[Stored data entries]
(* For every integer $n\geq 1$, the following equalities of combinatorial games hold: $$\uparrow^{[n]}*\ =\ \left\{0, \uparrow^{[n-1]}*\ \big|\ 0, \uparrow^{[n+1]}*\right\}\ =\ \left\{0, \uparrow^{[n-1]}*\ \big|\ 0\right\},$$ $$\downarrow_{[n]}*\ =\ \left\{0,\downarrow_{[n+1]}*\ \big|\ 0, \downarrow_{[n-1]}*\right\}\ =\ \left\{0\ \big|\ 0, \downarrow_{[n-1]}*\right\}.$$ Furthermore, $$\uparrow^{[n]}*\ =\ \left\{0,\{0,\uparrow^{[n]}*\ |\ 0,\uparrow^{[n]}*\}\ \Big|\ 0,\{0,\uparrow^{[n]}*\ |\ 0,\uparrow^{[n]}*\}\right\},$$ $$\downarrow_{[n]}*\ =\ \left\{0,\{0,\downarrow_{[n]}*\ |\ 0,\downarrow_{[n]}*\}\ \Big|\ 0,\{0,\downarrow_{[n]}*\ |\ 0,\downarrow_{[n]}*\}\right\}.$$
   Context: Games are short partizan combinatorial games under normal play (the player unable to move loses), in Conway's theory: $\{X\mid Y\}$ denotes the game whose Left options are the games in $X$ and Right options the games in $Y$; $G+H$ is the disjunctive sum; $-G$ swaps the roles of Left and Right; $G=H$ means that $G+(-H)$ is a win for the second player. Notation: $0=\{\,\mid\,\}$, $*=\{0\mid 0\}$, $\uparrow=\{0\mid *\}$, $\downarrow=\{*\mid 0\}$; $\uparrow^{[1]}=\uparrow$ and $\uparrow^{[n]}=\{\uparrow^{[n-1]}\mid *\}$ for $n\geq 2$; $\downarrow_{[1]}=\downarrow$ and $\downarrow_{[n]}=\{*\mid \downarrow_{[n-1]}\}$ for $n\geq 2$; with the convention $\uparrow^{[0]}=\downarrow_{[0]}=0$. For a game $J$, $J*$ denotes $J+*$. *)

theory Defs
  imports Main
begin

text \<open>Short partizan games, represented syntactically: a game is given by the
finite list of its Left options and the finite list of its Right options.\<close>

datatype game = Game "game list" "game list"

definition zero :: game where "zero = Game [] []"
definition star :: game where "star = Game [zero] [zero]"

primrec neg :: "game \<Rightarrow> game" where
  "neg (Game L R) = Game (map neg R) (map neg L)"

lemma size_mem_lt: "x \<in> set xs \<Longrightarrow> size x < Suc (size_list size xs + k)"
  by (induction xs) auto

lemma size_mem_lt2: "x \<in> set xs \<Longrightarrow> size x < Suc (k + size_list size xs)"
  by (induction xs) auto

function gsum :: "game \<Rightarrow> game \<Rightarrow> game" where
  "gsum (Game GL GR) (Game HL HR) =
     Game (map (\<lambda>x. gsum x (Game HL HR)) GL @ map (\<lambda>y. gsum (Game GL GR) y) HL)
          (map (\<lambda>x. gsum x (Game HL HR)) GR @ map (\<lambda>y. gsum (Game GL GR) y) HR)"
  by pat_completeness auto
termination
  by (relation "measure (\<lambda>(G, H). size G + size H)")
     (auto intro: size_mem_lt size_mem_lt2)

fun left_first_win :: "game \<Rightarrow> bool" and right_first_win :: "game \<Rightarrow> bool" where
  "left_first_win (Game L R) = (\<exists>x\<in>set L. \<not> right_first_win x)"
| "right_first_win (Game L R) = (\<exists>y\<in>set R. \<not> left_first_win y)"

definition second_player_win :: "game \<Rightarrow> bool" where
  "second_player_win G \<longleftrightarrow> \<not> left_first_win G \<and> \<not> right_first_win G"

definition game_eq :: "game \<Rightarrow> game \<Rightarrow> bool" where
  "game_eq G H \<longleftrightarrow> second_player_win (gsum G (neg H))"

text \<open>\<up>^[n] and \<down>_[n], with \<up>^[0] = \<down>_[0] = 0;
  \<up>^[1] = {0|*} = \<up>, \<up>^[n] = {\<up>^[n-1] | *};
  \<down>_[1] = {*|0} = \<down>, \<down>_[n] = {* | \<down>_[n-1]}.\<close>
primrec upn :: "nat \<Rightarrow> game" where
  "upn 0 = zero"
| "upn (Suc n) = Game [upn n] [star]"

primrec downn :: "nat \<Rightarrow> game" where
  "downn 0 = zero"
| "downn (Suc n) = Game [star] [downn n]"

end

theory Submission
  imports Defs
begin

(* Two games are equal as soon as each is below the other in Conway's recursive order,
   because sums are monotone and G + (-G) = 0.  Write U k for \<up>^[k]*.  For k \<ge> 1 its Left
   options are U (k-1) and \<up>^[k] and its Right options are ** and \<up>^[k]; U k is confused
   with 0 and strictly increasing in k.  Each identity compares U (k+1) with a game {0, L | 0, R}:
   the options 0 settle most cases, and what remains is that no option in L is above
   U (k+1), no option in R is below * or U (k+1), and {0, L | 0, R} is not below U k.
   The \<down> identities are the negatives of the \<up> identities, since \<down>_[k] = -\<up>^[k] and * = -*. *)

fun left_opts :: "game \<Rightarrow> game list" where "left_opts (Game L R) = L"
fun right_opts :: "game \<Rightarrow> game list" where "right_opts (Game L R) = R"

lemma size_left_opt: "x \<in> set (left_opts G) \<Longrightarrow> size x < size G"
  by (cases G) (auto intro: size_mem_lt)

lemma size_right_opt: "y \<in> set (right_opts G) \<Longrightarrow> size y < size G"
  by (cases G) (auto intro: size_mem_lt2)

function game_le :: "game \<Rightarrow> game \<Rightarrow> bool" (infix "\<preceq>" 50) where
  "Game GL GR \<preceq> Game HL HR \<longleftrightarrow>
     (\<forall>x\<in>set GL. \<not> Game HL HR \<preceq> x) \<and> (\<forall>y\<in>set HR. \<not> y \<preceq> Game GL GR)"
  by pat_completeness auto
termination
  by (relation "measure (\<lambda>(G, H). size G + size H)") (auto intro: size_mem_lt size_mem_lt2)

declare game_le.simps [simp del]

lemma game_le_iff:
  "G \<preceq> H \<longleftrightarrow> (\<forall>x\<in>set (left_opts G). \<not> H \<preceq> x) \<and> (\<forall>y\<in>set (right_opts H). \<not> y \<preceq> G)"
  by (cases G; cases H) (simp add: game_le.simps)

lemma not_game_le_iff:
  "\<not> G \<preceq> H \<longleftrightarrow> (\<exists>x\<in>set (left_opts G). H \<preceq> x) \<or> (\<exists>y\<in>set (right_opts H). y \<preceq> G)"
  by (subst game_le_iff) blast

• [Task to complete] Pull every line with the string "games" from the data above.

• [Result for this task]
(* For every integer $n\geq 1$, the following equalities of combinatorial games hold: $$\uparrow^{[n]}*\ =\ \left\{0, \uparrow^{[n-1]}*\ \big|\ 0, \uparrow^{[n+1]}*\right\}\ =\ \left\{0, \uparrow^{[n-1]}*\ \big|\ 0\right\},$$ $$\downarrow_{[n]}*\ =\ \left\{0,\downarrow_{[n+1]}*\ \big|\ 0, \downarrow_{[n-1]}*\right\}\ =\ \left\{0\ \big|\ 0, \downarrow_{[n-1]}*\right\}.$$ Furthermore, $$\uparrow^{[n]}*\ =\ \left\{0,\{0,\uparrow^{[n]}*\ |\ 0,\uparrow^{[n]}*\}\ \Big|\ 0,\{0,\uparrow^{[n]}*\ |\ 0,\uparrow^{[n]}*\}\right\},$$ $$\downarrow_{[n]}*\ =\ \left\{0,\{0,\downarrow_{[n]}*\ |\ 0,\downarrow_{[n]}*\}\ \Big|\ 0,\{0,\downarrow_{[n]}*\ |\ 0,\downarrow_{[n]}*\}\right\}.$$
   Context: Games are short partizan combinatorial games under normal play (the player unable to move loses), in Conway's theory: $\{X\mid Y\}$ denotes the game whose Left options are the games in $X$ and Right options the games in $Y$; $G+H$ is the disjunctive sum; $-G$ swaps the roles of Left and Right; $G=H$ means that $G+(-H)$ is a win for the second player. Notation: $0=\{\,\mid\,\}$, $*=\{0\mid 0\}$, $\uparrow=\{0\mid *\}$, $\downarrow=\{*\mid 0\}$; $\uparrow^{[1]}=\uparrow$ and $\uparrow^{[n]}=\{\uparrow^{[n-1]}\mid *\}$ for $n\geq 2$; $\downarrow_{[1]}=\downarrow$ and $\downarrow_{[n]}=\{*\mid \downarrow_{[n-1]}\}$ for $n\geq 2$; with the convention $\uparrow^{[0]}=\downarrow_{[0]}=0$. For a game $J$, $J*$ denotes $J+*$. *)
text \<open>Short partizan games, represented syntactically: a game is given by the
(* Two games are equal as soon as each is below the other in Conway's recursive order,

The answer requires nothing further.